Стыдно знатоку с такой на люди показаться! Это уж я по бедности своей никак на новую не наскребу…
– Друг любезный, мне и старенькая сойдет!
– Понимает, что к чему, – объяснил Колобок из сумы. – Прекрасно он сообразил, что за конь, не впервые такого покупает…
– Что ему за корысть? – спросил Жихарь. – Ветхая уздечка рано или поздно порвется, и уйдет Налим, словно рыба сквозь дырявую вершу…
– Хе, – сказал Колобок. – Сперва цыган потешит себя вволю – ведь загнать до смерти водяного коня нельзя, да и покалечиться он не может. А потом продаст его втридорога где–нибудь в полуденных странах какому–нибудь владыке. Среди них такие любители водятся, что жен и детей отдадут в заклад, не говоря уже о державе, чтобы достать себе подобное чудо…
Тем временем торговый договор свершился, поводья Налима были бережно переданы из полы в полу.
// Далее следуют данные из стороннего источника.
lemma matched_law_has_integral:
  assumes law: "matched_law E r p" and "0 \<le> a" "a \<le> b" "b \<le> 1"
  shows "((\<lambda>s. flow E r p s \<sigma>) has_integral (p b \<sigma> - p a \<sigma>)) {a..b}"
proof -
  have from_0: "((\<lambda>s. flow E r p s \<sigma>) has_integral (p t \<sigma> - p 0 \<sigma>)) {0..t}" if "t \<in> {0..1}" for t
    using law that unfolding matched_law_def by blast
  have "(\<lambda>s. flow E r p s \<sigma>) integrable_on {0..b}"
    using from_0[of b] assms by (auto intro: has_integral_integrable)
  then have "integral {0..a} (\<lambda>s. flow E r p s \<sigma>) + integral {a..b} (\<lambda>s. flow E r p s \<sigma>)
        = integral {0..b} (\<lambda>s. flow E r p s \<sigma>)"
    and "(\<lambda>s. flow E r p s \<sigma>) integrable_on {a..b}"
    using assms by (auto intro: Henstock_Kurzweil_Integration.integral_combine integrable_on_subinterval)
  then show ?thesis
    using integral_unique[OF from_0] assms by (simp add: has_integral_iff)
qed

lemma matched_law_continuous:
  assumes law: "matched_law E r p"
  shows "continuous_on {0..1} (\<lambda>t. p t \<sigma>)"
proof -
  have "(\<lambda>s. flow E r p s \<sigma>) integrable_on {0..1}"
    by (intro has_integral_integrable[OF matched_law_has_integral[OF law]]) auto
  then have "continuous_on {0..1} (\<lambda>t. p 0 \<sigma> + integral {0..t} (\<lambda>s. flow E r p s \<sigma>))"
    by (intro continuous_intros indefinite_integral_continuous_1)
  moreover have "p 0 \<sigma> + integral {0..t} (\<lambda>s. flow E r p s \<sigma>) = p t \<sigma>" if "t \<in> {0..1}" for t
    using integral_unique[OF matched_law_has_integral[OF law, of 0 t]] that by simp
  ultimately show ?thesis by (rule continuous_on_eq)
qed

lemma sum_flow_transitions:
  fixes E :: "('i::finite \<times> 'j::finite) set"
  shows "(\<Sum>\<sigma>\<in>S. flow E r p s \<sigma>) =
    (\<Sum>\<sigma>\<in>UNIV. \<Sum>e\<in>{e\<in>E. \<sigma> (snd e) = None}.
       (of_bool (\<sigma>(snd e := Some (fst e)) \<in> S) - of_bool (\<sigma> \<in> S)) * (p s \<sigma> * r s \<sigma> (fst e) (snd e)))"
proof -
  let ?w = "\<lambda>\<sigma> e. p s \<sigma> * r s \<sigma> (fst e) (snd e)"
  let ?G = "\<lambda>\<sigma> u. p s (\<sigma>(u := None)) * r s (\<sigma>(u := None)) (the (\<sigma> u)) u"
  \<comment> \<open>the inflow into \<sigma> through u comes from \<sigma>(u := None) along the edge (the (\<sigma> u), u)\<close>
  have "(\<Sum>\<sigma>\<in>S. \<Sum>u\<in>{u. \<sigma> u \<noteq> None}. if (the (\<sigma> u), u) \<in> E then ?G \<sigma> u else 0)
      = (\<Sum>(\<sigma>, u)\<in>Sigma S (\<lambda>\<sigma>. {u. \<sigma> u \<noteq> None \<and> (the (\<sigma> u), u) \<in> E}). ?G \<sigma> u)"
    by (simp add: sum.Sigma sum.inter_filter[symmetric] conj_commute)
  also have "\<dots> = (\<Sum>(\<sigma>, e)\<in>Sigma UNIV (\<lambda>\<sigma>. {e\<in>E. \<sigma> (snd e) = None \<and> \<sigma>(snd e := Some (fst e)) \<in> S}). ?w \<sigma> e)"
    by (rule sum.reindex_bij_witness[where j = "\<lambda>(\<sigma>, u). (\<sigma>(u := None), (the (\<sigma> u), u))"
          and i = "\<lambda>(\<sigma>, e). (\<sigma>(snd e := Some (fst e)), snd e)"]) (auto simp: fun_upd_idem)
  also have "\<dots> = (\<Sum>\<sigma>\<in>UNIV. \<Sum>e\<in>{e\<in>E. \<sigma> (snd e) = None}. of_bool (\<sigma>(snd e := Some (fst e)) \<in> S) * ?w \<sigma> e)"
    by (simp add: sum.Sigma Int_def conj_assoc)
  finally have gain: "(\<Sum>\<sigma>\<in>S. \<Sum>u\<in>{u. \<sigma> u \<noteq> None}. if (the (\<sigma> u), u) \<in> E then ?G \<sigma> u else 0)
      = (\<Sum>\<sigma>\<in>UNIV. \<Sum>e\<in>{e\<in>E. \<sigma> (snd e) = None}. of_bool (\<sigma>(snd e := Some (fst e)) \<in> S) * ?w \<sigma> e)" .
  have loss: "(\<Sum>\<sigma>\<in>S. p s \<sigma> * (\<Sum>e\<in>{e\<in>E. \<sigma> (snd e) = None}. r s \<sigma> (fst e) (snd e)))
      = (\<Sum>\<sigma>\<in>UNIV. \<Sum>e\<in>{e\<in>E. \<sigma> (snd e) = None}. of_bool (\<sigma> \<in> S) * ?w \<sigma> e)"
  proof -
    have "(\<Sum>\<sigma>\<in>UNIV. \<Sum>e\<in>{e\<in>E. \<sigma> (snd e) = None}. of_bool (\<sigma> \<in> S) * ?w \<sigma> e)
        = (\<Sum>\<sigma>\<in>UNIV. of_bool (\<sigma> \<in> S) * (p s \<sigma> * (\<Sum>e\<in>{e\<in>E. \<sigma> (snd e) = None}. r s \<sigma> (fst e) (snd e))))"
      by (simp only: sum_distrib_left mult.assoc)
    then show ?thesis by simp
  qed
  show ?thesis
    unfolding flow_def sum_subtractf gain loss by (simp add: left_diff_distrib sum_subtractf)
qed

lemma sum_flow_UNIV:
  fixes E :: "('i::finite \<times> 'j::finite) set"
  shows "(\<Sum>\<sigma>\<in>UNIV. flow E r p s \<sigma>) = 0"
  by (simp add: sum_flow_transitions)

lemma matched_law_mass:
  fixes E :: "('i::finite \<times> 'j::finite) set"
  assumes law: "matched_law E r p" and t: "t \<in> {0..1}"
  shows "(\<Sum>\<sigma>\<in>UNIV. p t \<sigma>) = 1"
proof -
  have "((\<lambda>s. \<Sum>\<sigma>\<in>UNIV. flow E r p s \<sigma>) has_integral (\<Sum>\<sigma>\<in>UNIV. p t \<sigma> - p 0 \<sigma>)) {0..t}"
    using t by (intro has_integral_sum matched_law_has_integral[OF law]) auto
  then have "(\<Sum>\<sigma>\<in>UNIV. p t \<sigma> - p 0 \<sigma>) = 0"
    unfolding sum_flow_UNIV using has_integral_0 has_integral_unique by blast
  moreover have "(\<Sum>\<sigma>\<in>UNIV. p 0 \<sigma>) = 1"
    by (simp add: matched_law_initial[OF law] sum.delta)
  ultimately show ?thesis by (simp add: sum_subtractf)
qed

definition edge_intensity :: "(real \<Rightarrow> ('i,'j) mstate \<Rightarrow> real)
    \<Rightarrow> (real \<Rightarrow> ('i,'j) mstate \<Rightarrow> 'i \<Rightarrow> 'j \<Rightarrow> real) \<Rightarrow> real \<Rightarrow> 'i \<Rightarrow> 'j \<Rightarrow> real" where
  "edge_intensity p r s i u = (\<Sum>\<sigma>\<in>{\<sigma>. \<sigma> u = None}. p s \<sigma> * r s \<sigma> i u)"

definition matched_prob :: "(real \<Rightarrow> ('i::finite,'j::finite) mstate \<Rightarrow> real) \<Rightarrow> 'j \<Rightarrow> real \<Rightarrow> real" where
  "matched_prob p u s = (\<Sum>\<sigma>\<in>{\<sigma>. \<sigma> u \<noteq> None}. p s \<sigma>)"

lemma sum_flow_entered_by:
  fixes E :: "('i::finite \<times> 'j::finite) set"
  assumes entering: "\<And>\<sigma> e. e \<in> E \<Longrightarrow> \<sigma> (snd e) = None \<Longrightarrow>
      of_bool (\<sigma>(snd e := Some (fst e)) \<in> S) - of_bool (\<sigma> \<in> S) = (of_bool (e \<in> F) :: real)"
  shows "(\<Sum>\<sigma>\<in>S. flow E r p s \<sigma>) = (\<Sum>e\<in>E \<inter> F. edge_intensity p r s (fst e) (snd e))"
proof -
  have "(\<Sum>\<sigma>\<in>S. flow E r p s \<sigma>) = (\<Sum>\<sigma>\<in>UNIV. \<Sum>e\<in>{e\<in>E. \<sigma> (snd e) = None}.
      of_bool (e \<in> F) * (p s \<sigma> * r s \<sigma> (fst e) (snd e)))"
    unfolding sum_flow_transitions by (intro sum.cong refl) (simp add: entering)
  also have "\<dots> = (\<Sum>\<sigma>\<in>UNIV. \<Sum>e\<in>{e\<in>E \<inter> F. \<sigma> (snd e) = None}. p s \<sigma> * r s \<sigma> (fst e) (snd e))"
    by (simp add: Int_def conj_ac)
  also have "\<dots> = (\<Sum>e\<in>E \<inter> F. edge_intensity p r s (fst e) (snd e))"
    unfolding edge_intensity_def by (subst sum.swap_restrict) auto
  finally show ?thesis .
qed

lemma sum_flow_matched:
  fixes E :: "('i::finite \<times> 'j::finite) set"
  shows "(\<Sum>\<sigma>\<in>{\<sigma>. \<sigma> u \<noteq> None}. flow E r p s \<sigma>) = (\<Sum>i\<in>{i. (i, u) \<in> E}. edge_intensity p r s i u)"
proof -
  have "(\<Sum>\<sigma>\<in>{\<sigma>. \<sigma> u \<noteq> None}. flow E r p s \<sigma>) = (\<Sum>e\<in>E \<inter> {e. snd e = u}. edge_intensity p r s (fst e) (snd e))"
    by (rule sum_flow_entered_by) auto
  also have "\<dots> = (\<Sum>i\<in>{i. (i, u) \<in> E}. edge_intensity p r s i u)"
    by (rule sum.reindex_bij_witness[where i = "\<lambda>i. (i, u)" and j = fst]) auto
  finally show ?thesis .
qed

lemma sum_flow_edge:
  fixes E :: "('i::finite \<times> 'j::finite) set"
  assumes "(i, u) \<in> E"
  shows "(\<Sum>\<sigma>\<in>{\<sigma>. \<sigma> u = Some i}. flow E r p s \<sigma>) = edge_intensity p r s i u"
proof -
  have "(\<Sum>\<sigma>\<in>{\<sigma>. \<sigma> u = Some i}. flow E r p s \<sigma>) = (\<Sum>e\<in>E \<inter> {(i, u)}. edge_intensity p r s (fst e) (snd e))"
    by (rule sum_flow_entered_by) auto
  then show ?thesis using assms by simp
qed

lemma matched_prob_has_integral:
  fixes E :: "('i::finite \<times> 'j::finite) set"
  assumes law: "matched_law E r p" and "0 \<le> a" "a \<le> b" "b \<le> 1"
  shows "((\<lambda>s. \<Sum>i\<in>{i. (i, u) \<in> E}. edge_intensity p r s i u) has_integral
           (matched_prob p u b - matched_prob p u a)) {a..b}"
proof -
  have "((\<lambda>s. \<Sum>\<sigma>\<in>{\<sigma>. \<sigma> u \<noteq> None}. flow E r p s \<sigma>) has_integral
      (\<Sum>\<sigma>\<in>{\<sigma>. \<sigma> u \<noteq> None}. p b \<sigma> - p a \<sigma>)) {a..b}"
    by (intro has_integral_sum matched_law_has_integral[OF law]) (use assms in auto)
  then show ?thesis unfolding sum_flow_matched matched_prob_def sum_subtractf .
qed

lemma matched_prob_0:
  fixes E :: "('i::finite \<times> 'j::finite) set"
  shows "matched_law E r p \<Longrightarrow> matched_prob p u 0 = 0"
  unfolding matched_prob_def by (simp add: matched_law_initial)

lemma qedge_has_integral:
  fixes E :: "('i::finite \<times> 'j::finite) set"
  assumes law: "matched_law E r p" and "t \<in> {0..1}" "(i, u) \<in> E"
  shows "((\<lambda>s. edge_intensity p r s i u) has_integral qedge p i u t) {0..t}"
proof -
  have "((\<lambda>s. \<Sum>\<sigma>\<in>{\<sigma>. \<sigma> u = Some i}. flow E r p s \<sigma>) has_integral
      (\<Sum>\<sigma>\<in>{\<sigma>. \<sigma> u = Some i}. p t \<sigma> - p 0 \<sigma>)) {0..t}"
    by (intro has_integral_sum matched_law_has_integral[OF law]) (use assms in auto)
  moreover have "qedge p i u 0 = 0" unfolding qedge_def by (simp add: matched_law_initial[OF law])
  ultimately show ?thesis
    unfolding sum_flow_edge[OF assms(3)] sum_subtractf by (simp add: qedge_def)
qed

lemma matched_prob_continuous:
  "matched_law E r p \<Longrightarrow> continuous_on {0..1} (matched_prob p u)"
  unfolding matched_prob_def by (intro continuous_on_sum matched_law_continuous)

lemma gboth_continuous:
  "matched_law E r p \<Longrightarrow> continuous_on {0..1} (gboth p u v)"
  unfolding gboth_def by (intro continuous_on_sum matched_law_continuous)

lemma matched_law_nonneg:
  fixes E :: "('i::finite \<times> 'j::finite) set"
  assumes law: "matched_law E r p" and "T \<le> 1"
    and rate_nonneg: "\<forall>s\<in>{0..T}. \<forall>\<sigma> i u. 0 \<le> r s \<sigma> i u"
  shows "\<forall>t\<in>{0..T}. 0 \<le> p t \<sigma>"
proof (induction "card {w. \<sigma> w \<noteq> None}" arbitrary: \<sigma> rule: less_induct)
  case less
  have smaller_nonneg: "0 \<le> p s (\<sigma>(u := None))" if "\<sigma> u \<noteq> None" "s \<in> {0..T}" for u s
  proof -
    have "{w. (\<sigma>(u := None)) w \<noteq> None} \<subset> {w. \<sigma> w \<noteq> None}" using that by auto
    then have "card {w. (\<sigma>(u := None)) w \<noteq> None} < card {w. \<sigma> w \<noteq> None}"
      by (rule psubset_card_mono[rotated]) simp
    then show ?thesis using less that by blast
  qed
  \<comment> \<open>inflow comes from states with fewer matched vertices, whose mass is nonnegative by induction\<close>
  have flow_nonneg: "0 \<le> flow E r p s \<sigma>" if s: "s \<in> {0..T}" and "p s \<sigma> \<le> 0" for s
  proof -
    have "0 \<le> (\<Sum>e\<in>{e\<in>E. \<sigma> (snd e) = None}. r s \<sigma> (fst e) (snd e))"
      using rate_nonneg s by (intro sum_nonneg) auto
    with \<open>p s \<sigma> \<le> 0\<close> have "p s \<sigma> * (\<Sum>e\<in>{e\<in>E. \<sigma> (snd e) = None}. r s \<sigma> (fst e) (snd e)) \<le> 0"
      by (simp add: mult_nonpos_nonneg)
    moreover have "0 \<le> (\<Sum>u\<in>{u. \<sigma> u \<noteq> None}. if (the (\<sigma> u), u) \<in> E
        then p s (\<sigma>(u := None)) * r s (\<sigma>(u := None)) (the (\<sigma> u)) u else 0)"
      using smaller_nonneg[OF _ s] rate_nonneg s by (intro sum_nonneg) auto
    ultimately show ?thesis unfolding flow_def by linarith
  qed
  show ?case
  proof (rule nonneg_if_rate_nonneg_while_negative)
    show "continuous_on {0..T} (\<lambda>t. p t \<sigma>)"
      using matched_law_continuous[OF law] by (rule continuous_on_subset) (use \<open>T \<le> 1\<close> in auto)
    show "0 \<le> p 0 \<sigma>" using matched_law_initial[OF law, of \<sigma>] by simp
    show "((\<lambda>s. flow E r p s \<sigma>) has_integral (p b \<sigma> - p a \<sigma>)) {a..b}" if "0 \<le> a" "a \<le> b" "b \<le> T" for a b
      using that \<open>T \<le> 1\<close> by (intro matched_law_has_integral[OF law]) auto
  qed (use flow_nonneg in auto)
qed

lemma matched_law_nonneg_left_closed:
  assumes law: "matched_law E r p" and t: "t \<in> {0..1}" and below: "\<forall>s\<in>{0..<t}. 0 \<le> p s \<sigma>"
  shows "0 \<le> p t \<sigma>"
proof (cases "t = 0")
  case True
  then show ?thesis using matched_law_initial[OF law, of \<sigma>] by simp
next
  case False
  have "- p t \<sigma> \<le> 0"
    using t False below
    by (intro continuous_on_le_from_left[where g = "\<lambda>s. - p s \<sigma>"])
      (auto intro!: continuous_intros continuous_on_subset[OF matched_law_continuous[OF law]])
  then show ?thesis by simp
qed

lemma sum_Collect_split:
  fixes f :: "'a::finite \<Rightarrow> real"
  shows "(\<Sum>x\<in>{x. P x}. f x) = (\<Sum>x\<in>{x. P x \<and> Q x}. f x) + (\<Sum>x\<in>{x. P x \<and> \<not> Q x}. f x)"
proof -
  have "{x. P x} = {x. P x \<and> Q x} \<union> {x. P x \<and> \<not> Q x}" by auto
  then show ?thesis by (simp add: sum.union_disjoint[symmetric] disjoint_iff)
qed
Цыган Мара начал отсчитывать золотые кругляши, отгоняя цыганят от мешка. Мутило ему охотно помогал в этом.
Не спеша подошел ярмарочный староста Полелюй – приглядеть за добросовестностью расчета, получить причитающееся.
– Налог с продаж – не захочешь, да отдашь! – приговаривал он.
Налог был здесь устроен так хитро, что пришлось доплачивать и Мутиле, и цыгану, что несколько отравило обоим радость от сделки.
Мара, впрочем, быстро утешился, вскочив на новообретенного коня. Толпа раздалась к ограде, и великий наездник показал, на что они в паре с таким скакуном способны. Налим помчался вдоль ограды, прилегая на поворотах к земле, но всадник без седла и стремян держался прочно. Жихарь вспомнил свой собственный страх во время скачки по лесу и покраснел.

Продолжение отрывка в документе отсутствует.